NÉVROSE (histoire du concept)
Le terme de névrose – en anglais, neurosis – aurait été introduit, selon J. Laplanche et J.-B. Pontalis, par un médecin écossais, William Cullen, dans un traité de médecine paru en 1777. Ce mot a connu, depuis, une indiscutable fortune. Représentant un concept important dans le système nosologique psychiatrique, il a été rapidement emprunté tant par la langue littéraire que par l'usage courant. Le sens qui lui est alors attribué reflète les définitions théoriques souvent anciennes, non sans quelque élaboration particulière.

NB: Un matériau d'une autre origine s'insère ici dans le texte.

lemma has_real_derivative_hermitian_form:
  fixes x a b :: "complex^'n" and \<alpha> \<beta> :: "real \<Rightarrow> complex"
  assumes S: "cadj S = S"
    and \<alpha>: "(\<alpha> has_vector_derivative \<alpha>') (at 0)" "\<alpha> 0 = 0"
    and \<beta>: "(\<beta> has_vector_derivative \<beta>') (at 0)" "\<beta> 0 = 0"
  shows "((\<lambda>t. Re (cdot (x + \<alpha> t *s a + \<beta> t *s b) (S *v (x + \<alpha> t *s a + \<beta> t *s b))))
           has_real_derivative 2 * Re (cnj \<alpha>' * cdot a (S *v x) + cnj \<beta>' * cdot b (S *v x))) (at 0)"
proof -
  define c where "c u w = cdot u (S *v w)" for u w
  have expand: "cdot (x + \<alpha> t *s a + \<beta> t *s b) (S *v (x + \<alpha> t *s a + \<beta> t *s b))
      = c x x + cnj (\<alpha> t) * c a x + cnj (\<beta> t) * c b x + \<alpha> t * c x a + \<beta> t * c x b
      + cnj (\<alpha> t) * \<alpha> t * c a a + cnj (\<alpha> t) * \<beta> t * c a b + cnj (\<beta> t) * \<alpha> t * c b a
      + cnj (\<beta> t) * \<beta> t * c b b" for t
    unfolding c_def
    by (simp add: cdot_add_left cdot_add_right cdot_scale_left cdot_scale_right
        matrix_vector_right_distrib vector_scalar_commute algebra_simps)
  have quadratic: "((\<lambda>t. f t * g t * k) has_vector_derivative 0) (at 0)"
    if "(f has_vector_derivative f') (at 0)" "(g has_vector_derivative g') (at 0)" "f 0 = 0" "g 0 = 0"
    for f g :: "real \<Rightarrow> complex" and f' g' k
    using has_vector_derivative_mult_left[OF has_vector_derivative_mult[OF that(1,2)], of k] that(3,4)
    by simp
  note \<alpha>c = has_vector_derivative_cnj[OF \<alpha>(1)] and \<beta>c = has_vector_derivative_cnj[OF \<beta>(1)]
  note lin = has_vector_derivative_mult_left
  have "((\<lambda>t. cdot (x + \<alpha> t *s a + \<beta> t *s b) (S *v (x + \<alpha> t *s a + \<beta> t *s b))) has_vector_derivative
      0 + cnj \<alpha>' * c a x + cnj \<beta>' * c b x + \<alpha>' * c x a + \<beta>' * c x b + 0 + 0 + 0 + 0) (at 0)"
    unfolding expand
    by (intro has_vector_derivative_add has_vector_derivative_const lin[OF \<alpha>c] lin[OF \<beta>c]
        lin[OF \<alpha>(1)] lin[OF \<beta>(1)] quadratic[OF \<alpha>c \<alpha>(1)] quadratic[OF \<alpha>c \<beta>(1)]
        quadratic[OF \<beta>c \<alpha>(1)] quadratic[OF \<beta>c \<beta>(1)]) (simp_all add: \<alpha>(2) \<beta>(2))
  moreover have "c x a = cnj (c a x)" "c x b = cnj (c b x)"
    unfolding c_def by (rule cdot_hermitian[OF S])+
  ultimately show ?thesis
    unfolding has_vector_derivative_complex_iff c_def by (simp add: add_ac)
qed

lemma HP_complex_first_order_condition:
  fixes x a b :: "nat \<Rightarrow> complex^'n" and F :: "real \<Rightarrow> complex^'n^'n" and \<alpha> \<beta> :: "real \<Rightarrow> complex"
  assumes R: "R \<in> HP_complex" and opt: "\<forall>R'\<in>HP_complex. l_complex N x R' \<le> l_complex N x R"
    and d: "CARD('n) \<ge> 2" and N: "N \<ge> 1" and x: "\<forall>n<N. x n \<noteq> 0"
    and \<delta>: "\<delta> > 0" and F_det: "\<And>t. \<bar>t\<bar> < \<delta> \<Longrightarrow> det (F t) = 1"
    and F_x: "\<And>t n. \<bar>t\<bar> < \<delta> \<Longrightarrow> F t *v x n = x n + \<alpha> t *s a n + \<beta> t *s b n"
    and \<alpha>: "(\<alpha> has_vector_derivative \<alpha>') (at 0)" "\<alpha> 0 = 0"
    and \<beta>: "(\<beta> has_vector_derivative \<beta>') (at 0)" "\<beta> 0 = 0"
  shows "(\<Sum>n<N. Re (cnj \<alpha>' * cdot (a n) (matrix_inv R *v x n) + cnj \<beta>' * cdot (b n) (matrix_inv R *v x n))
            / quad_complex R (x n)) = 0"
proof -
  define S where "S = matrix_inv R"
  have S: "herm_pos_def S" using R herm_pos_def_matrix_inv unfolding S_def by (auto simp: HP_complex_iff)
  define q where "q n = quad_complex R (x n)" for n
  have q_pos: "q n > 0" if "n < N" for n
    using x that S unfolding q_def quad_complex_def S_def herm_pos_def_def by auto
  define h where "h n t = Re (cdot (x n + \<alpha> t *s a n + \<beta> t *s b n) (S *v (x n + \<alpha> t *s a n + \<beta> t *s b n)))"
    for n t
  have h_0: "h n 0 = q n" for n by (simp add: h_def q_def quad_complex_def \<alpha>(2) \<beta>(2) S_def)
  have min: "(\<Sum>n<N. ln (h n 0)) \<le> (\<Sum>n<N. ln (h n t))" if "\<bar>0 - t\<bar> < \<delta>" for t
    unfolding h_0 unfolding q_def h_def S_def
    using HP_complex_maximizer_minimizes_log_sum[OF R opt d N F_det] F_x that by simp
  have "(h n has_real_derivative 2 * Re (cnj \<alpha>' * cdot (a n) (S *v x n) + cnj \<beta>' * cdot (b n) (S *v x n))) (at 0)"
    for n
    unfolding h_def using S herm_pos_def_def has_real_derivative_hermitian_form \<alpha> \<beta> by blast
  hence "((\<lambda>t. \<Sum>n<N. ln (h n t)) has_real_derivative
      (\<Sum>n<N. 2 * Re (cnj \<alpha>' * cdot (a n) (S *v x n) + cnj \<beta>' * cdot (b n) (S *v x n)) / q n)) (at 0)"
    by (intro DERIV_sum) (rule derivative_eq_intros | assumption | simp add: h_0 q_pos)+
  with DERIV_local_min \<delta> min
  have "(\<Sum>n<N. 2 * Re (cnj \<alpha>' * cdot (a n) (S *v x n) + cnj \<beta>' * cdot (b n) (S *v x n)) / q n) = 0"
    by blast
  hence "2 * (\<Sum>n<N. Re (cnj \<alpha>' * cdot (a n) (S *v x n) + cnj \<beta>' * cdot (b n) (S *v x n)) / q n) = 0"
    by (simp add: sum_distrib_left)
  thus ?thesis unfolding q_def S_def by simp
qed

lemma complex_eq_0_if_Re_Im_eq_0: "Re z = 0 \<Longrightarrow> Re (cnj \<i> * z) = 0 \<Longrightarrow> z = (0::complex)"
  by (simp add: complex_eq_iff)

lemma Re_mult_sum_divide_of_real:
  fixes z :: "nat \<Rightarrow> complex" and r :: "nat \<Rightarrow> real"
  shows "Re (u * (\<Sum>n<N. z n / complex_of_real (r n))) = (\<Sum>n<N. Re (u * z n) / r n)"
  by (simp add: sum_distrib_left Re_sum)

Pendant longtemps, on appela « névroses », en clinique médicale, un certain nombre de maladies du corps et de l'esprit ayant comme caractères communs leur nature fonctionnelle, l'absence de toute lésion organique connue et le dérèglement de l'activité nerveuse qui paraissait s'y attacher, sans que pour autant le patient donnât l'impression d'avoir perdu la raison. Bien que longtemps malaisée à systématiser, la participation psychique était décrite par les auteurs anciens comme une curiosité naturelle pleine de pittoresque et d'étrangeté.
Dans l'histoire des maladies, cette catégorie servit autrefois de zone d'attente, se définissant de façon plus négative que positive. On y rangea longtemps des syndromes correspondant à des affections mal connues, tant que les progrès de la méthode anatomoclinique n'en avaient pas fait connaître le substrat anatomopathologique, tant que leur physiopathologie restait mystérieuse. C'est ainsi que dans le traité de Gilbert Ballet, ouvrage classique de la fin du xixe siècle, sont décrits dans le chapitre des névroses, entre autres, la maladie de Parkinson, l'épilepsie, les troubles mentaux des chorées.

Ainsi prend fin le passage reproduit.